Why is the regex quantifier {n,} more greedy than + (in Python)?

147 Views Asked by At

I tried to use regexes for finding max-length sequences formed from repeated doubled letters, like AABB in the string xAAABBBBy.

As described in the official documentation:

The '*', '+', and '?' quantifiers are all greedy; they match as much text as possible.

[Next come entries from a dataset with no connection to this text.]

(* Let $\Omega$ be a complete separable metric space, and let $\{\mathbb{E}_{\alpha}\}_{\alpha\in\mathcal{A}}$ be a family of nonlinear expectations on $(\Omega,C_b(\Omega))$. Suppose there exists a tight sublinear expectation $\hat{\mathbb{E}}$ on $(\Omega,B_b(\Omega))$ such that for every $\alpha\in\mathcal{A}$, \[ \mathbb{E}_{\alpha}[X]-\mathbb{E}_{\alpha}[Y]\le \hat{\mathbb{E}}[X-Y],\qquad X,Y\in C_b(\Omega). \] Then $\{\mathbb{E}_{\alpha}\}_{\alpha\in\mathcal{A}}$ is weakly compact: for each sequence $\{\mathbb{E}_{\alpha_n}\}_{n=1}^{\infty}$ there exists a subsequence $\{\mathbb{E}_{\alpha_{n_i}}\}_{i=1}^{\infty}$ such that for every $\varphi\in C_b(\Omega)$, the real sequence $\{\mathbb{E}_{\alpha_{n_i}}[\varphi]\}_{i=1}^{\infty}$ is a Cauchy sequence.
   Context: $B_b(\Omega)$ denotes the space of bounded Borel-measurable real functions on $\Omega$ and $C_b(\Omega)$ the bounded continuous real functions on $\Omega$. For a linear space $\mathcal{H}$ of real functions on $\Omega$ containing the constants, a nonlinear expectation is a functional $\mathbb{E}:\mathcal{H}\to\mathbb{R}$ with $\mathbb{E}[c]=c$ for constants $c$ and $\mathbb{E}[X]\ge\mathbb{E}[Y]$ whenever $X\ge Y$. It is a sublinear expectation if in addition $\mathbb{E}[X+Y]\le\mathbb{E}[X]+\mathbb{E}[Y]$ and $\mathbb{E}[\lambda X]=\lambda\mathbb{E}[X]$ for $\lambda\ge 0$. A sublinear expectation $\hat{\mathbb{E}}$ on $(\Omega,B_b(\Omega))$ is tight if for each $\varepsilon>0$ there is a compact $K\subset\Omega$ with $\hat{\mathbb{E}}[\mathbf{1}_{K^c}]<\varepsilon$. *)

theory Defs
  imports "HOL-Analysis.Analysis"
begin

definition Cb :: "('a::topological_space \<Rightarrow> real) set" where
  "Cb = {f. continuous_on UNIV f \<and> bounded (range f)}"

definition Bb :: "('a::topological_space \<Rightarrow> real) set" where
  "Bb = {f. f \<in> borel_measurable borel \<and> bounded (range f)}"

text \<open>Nonlinear expectation on the function space H (only values on H matter).\<close>
definition nonlinear_expectation :: "('a \<Rightarrow> real) set \<Rightarrow> (('a \<Rightarrow> real) \<Rightarrow> real) \<Rightarrow> bool" where
  "nonlinear_expectation H E \<longleftrightarrow>
     (\<forall>c::real. E (\<lambda>_. c) = c) \<and>
     (\<forall>X\<in>H. \<forall>Y\<in>H. (\<forall>\<omega>. Y \<omega> \<le> X \<omega>) \<longrightarrow> E Y \<le> E X)"

definition sublinear_expectation :: "('a \<Rightarrow> real) set \<Rightarrow> (('a \<Rightarrow> real) \<Rightarrow> real) \<Rightarrow> bool" where
  "sublinear_expectation H E \<longleftrightarrow>
     nonlinear_expectation H E \<and>
     (\<forall>X\<in>H. \<forall>Y\<in>H. E (\<lambda>\<omega>. X \<omega> + Y \<omega>) \<le> E X + E Y) \<and>
     (\<forall>X\<in>H. \<forall>c::real. c \<ge> 0 \<longrightarrow> E (\<lambda>\<omega>. c * X \<omega>) = c * E X)"

definition tight :: "(('a::topological_space \<Rightarrow> real) \<Rightarrow> real) \<Rightarrow> bool" where
  "tight E \<longleftrightarrow> (\<forall>\<epsilon>>0. \<exists>K. compact K \<and> E (indicator (- K)) < \<epsilon>)"

end

theory Submission
  imports Defs "HOL-Library.Diagonal_Subsequence"
begin

text \<open>
  Fix a dense sequence \<open>xs\<close>. Truncated minima of finitely many cones
  \<open>q + n * dist \<omega> (xs j)\<close> with rational heights \<open>q\<close> form a countable subset of \<open>Cb\<close> that
  approximates any \<open>\<phi> \<in> Cb\<close> within \<open>\<delta>\<close> on a given compact set \<open>K\<close>, while staying bounded
  by \<open>sup \<bar>\<phi>\<bar> + 1\<close>. Domination by \<open>Ehat\<close> makes the approximation uniform in \<open>\<alpha>\<close>:
  \<open>\<bar>E \<alpha> \<phi> - E \<alpha> \<psi>\<bar> \<le> \<delta> + (2 sup \<bar>\<phi>\<bar> + 1) * Ehat (indicator (- K))\<close>, and tightness makes the
  last term small. A diagonal subsequence along which the \<open>E (a n)\<close> converge on the countable
  family is therefore Cauchy on all of \<open>Cb\<close>.
\<close>

section \<open>Common convergent subsequences\<close>

lemma diagonal_subseq_convergent:
  fixes f :: "nat \<Rightarrow> nat \<Rightarrow> real"
  assumes bounded: "\<And>k. Bseq (f k)"
  shows "\<exists>r. strict_mono r \<and> (\<forall>k. convergent (\<lambda>i. f k (r i)))"
proof -
  interpret subseqs "\<lambda>k s. convergent (\<lambda>i. f k (s i))"
  proof
    fix k and s :: "nat \<Rightarrow> nat"
    obtain r where r: "strict_mono r" "monoseq (\<lambda>i. f k (s (r i)))"
      using seq_monosub[of "\<lambda>i. f k (s i)"] by blast
    have "Bseq (\<lambda>i. f k (s (r i)))"
      using Bseq_subseq[OF bounded] .
    then show "\<exists>r. strict_mono r \<and> convergent (\<lambda>i. f k ((s \<circ> r) i))"
      using r Bseq_monoseq_convergent by auto
  qed
  have "convergent (\<lambda>i. f k (diagseq i))" for k
  proof -
    have "convergent (\<lambda>i. f k ((diagseq \<circ> (+) (Suc k)) i))"
    proof (rule diagseq_holds)
      fix r s :: "nat \<Rightarrow> nat" and n assume "strict_mono r" "convergent (\<lambda>i. f n (s i))"
      from convergent_subseq_convergent[OF this(2,1)]
      show "convergent (\<lambda>i. f n ((s \<circ> r) i))" by (simp add: o_def)
    qed
    then have "convergent (\<lambda>i. f k (diagseq (i + Suc k)))"
      by (simp add: add.commute)
    then show ?thesis
      using convergent_ignore_initial_segment by blast
  qed
  then show ?thesis
    using subseq_diagseq by blast
qed

lemma Cauchy_subseq_if_uniformly_approximable:
  fixes F :: "nat \<Rightarrow> 'x \<Rightarrow> real" and d :: "nat \<Rightarrow> 'x"
  assumes bounded: "\<And>k. Bseq (\<lambda>n. F n (d k))"
    and approx: "\<And>\<phi> \<epsilon>. \<phi> \<in> S \<Longrightarrow> 0 < \<epsilon> \<Longrightarrow> \<exists>k. \<forall>n. \<bar>F n \<phi> - F n (d k)\<bar> < \<epsilon>"
  shows "\<exists>r. strict_mono r \<and> (\<forall>\<phi>\<in>S. Cauchy (\<lambda>i. F (r i) \<phi>))"
proof -
  obtain r where r: "strict_mono r" and conv: "\<And>k. convergent (\<lambda>i. F (r i) (d k))"
    using diagonal_subseq_convergent[of "\<lambda>k n. F n (d k)"] bounded by blast
  have "Cauchy (\<lambda>i. F (r i) \<phi>)" if \<phi>: "\<phi> \<in> S" for \<phi>
  proof (rule CauchyI)
    fix e :: real assume e: "0 < e"
    obtain k where k: "\<And>n. \<bar>F n \<phi> - F n (d k)\<bar> < e/3"
      using approx[OF \<phi>, of "e/3"] e by auto
    obtain N where N: "\<forall>m\<ge>N. \<forall>n\<ge>N. norm (F (r m) (d k) - F (r n) (d k)) < e/3"
      using CauchyD[OF convergent_Cauchy[OF conv[of k]], of "e/3"] e by auto
    have "\<bar>F (r m) \<phi> - F (r n) \<phi>\<bar> < e" if "N \<le> m" "N \<le> n" for m n
    proof -
      have "\<bar>F (r m) (d k) - F (r n) (d k)\<bar> < e/3"
        using N that by auto
      then show ?thesis
        using k[of "r m"] k[of "r n"] by linarith
    qed
    then show "\<exists>N. \<forall>m\<ge>N. \<forall>n\<ge>N. norm (F (r m) \<phi> - F (r n) \<phi>) < e"
      by auto
  qed
  with r show ?thesis by blast
qed

section \<open>Countably many cone approximants\<close>

lemma dense_sequence_exists:
  obtains xs :: "nat \<Rightarrow> 'a::{metric_space, second_countable_topology}"
  where "closure (range xs) = UNIV"
proof -
  obtain D :: "'a set" where D: "countable D" "\<And>X. open X \<Longrightarrow> X \<noteq> {} \<Longrightarrow> \<exists>d\<in>D. d \<in> X"
    using countable_dense_setE by blast
  have "x \<in> closure D" for x
    unfolding closure_approachable using D(2)[of "ball x _"] by (auto simp: dist_commute)
  moreover have "D \<noteq> {}"
    using D(2)[of UNIV] by auto
  ultimately have "closure (range (from_nat_into D)) = UNIV"
    using D(1) by auto
  then show thesis
    by (rule that)
qed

When I use the quantifier {n,}, I get a full substring, but + returns only parts:

import re

print(re.findall("((AA|BB){3,})", "xAAABBBBy"))
# [('AABBBB', 'BB')]
print(re.findall("((AA|BB)+)", "xAAABBBBy"))
# [('AA', 'AA'), ('BBBB', 'BB')]

Why is {n,} more greedy than +?

1

There are 1 best solutions below

0
Lover of Structure On

Both quantifiers {3,} and + are greedy in the same way.

First, let's simplify the output a little bit by changing the inner group into a non-capturing one:

import re

print(re.findall("((?:AA|BB){3,})", "xAAABBBBy"))
# ['AABBBB']
print(re.findall("((?:AA|BB)+)", "xAAABBBBy"))
# ['AA', 'BBBB']

The first pattern requires a repetition (with the total number of occurrences being at least 3 – let's call this multiplicity ≥3), so the only possible match starts at the second A:

x AA A B B B By

The second pattern requires only multiplicity ≥1. As the string is scanned left-to-right, the first (left-most) possible greedy match is formed by the first two As. For the remaining string ABBBBy, the first (left-most) possible greedy match is BBBB. After that, only y remains, which can't be matched.

xA AAB B B By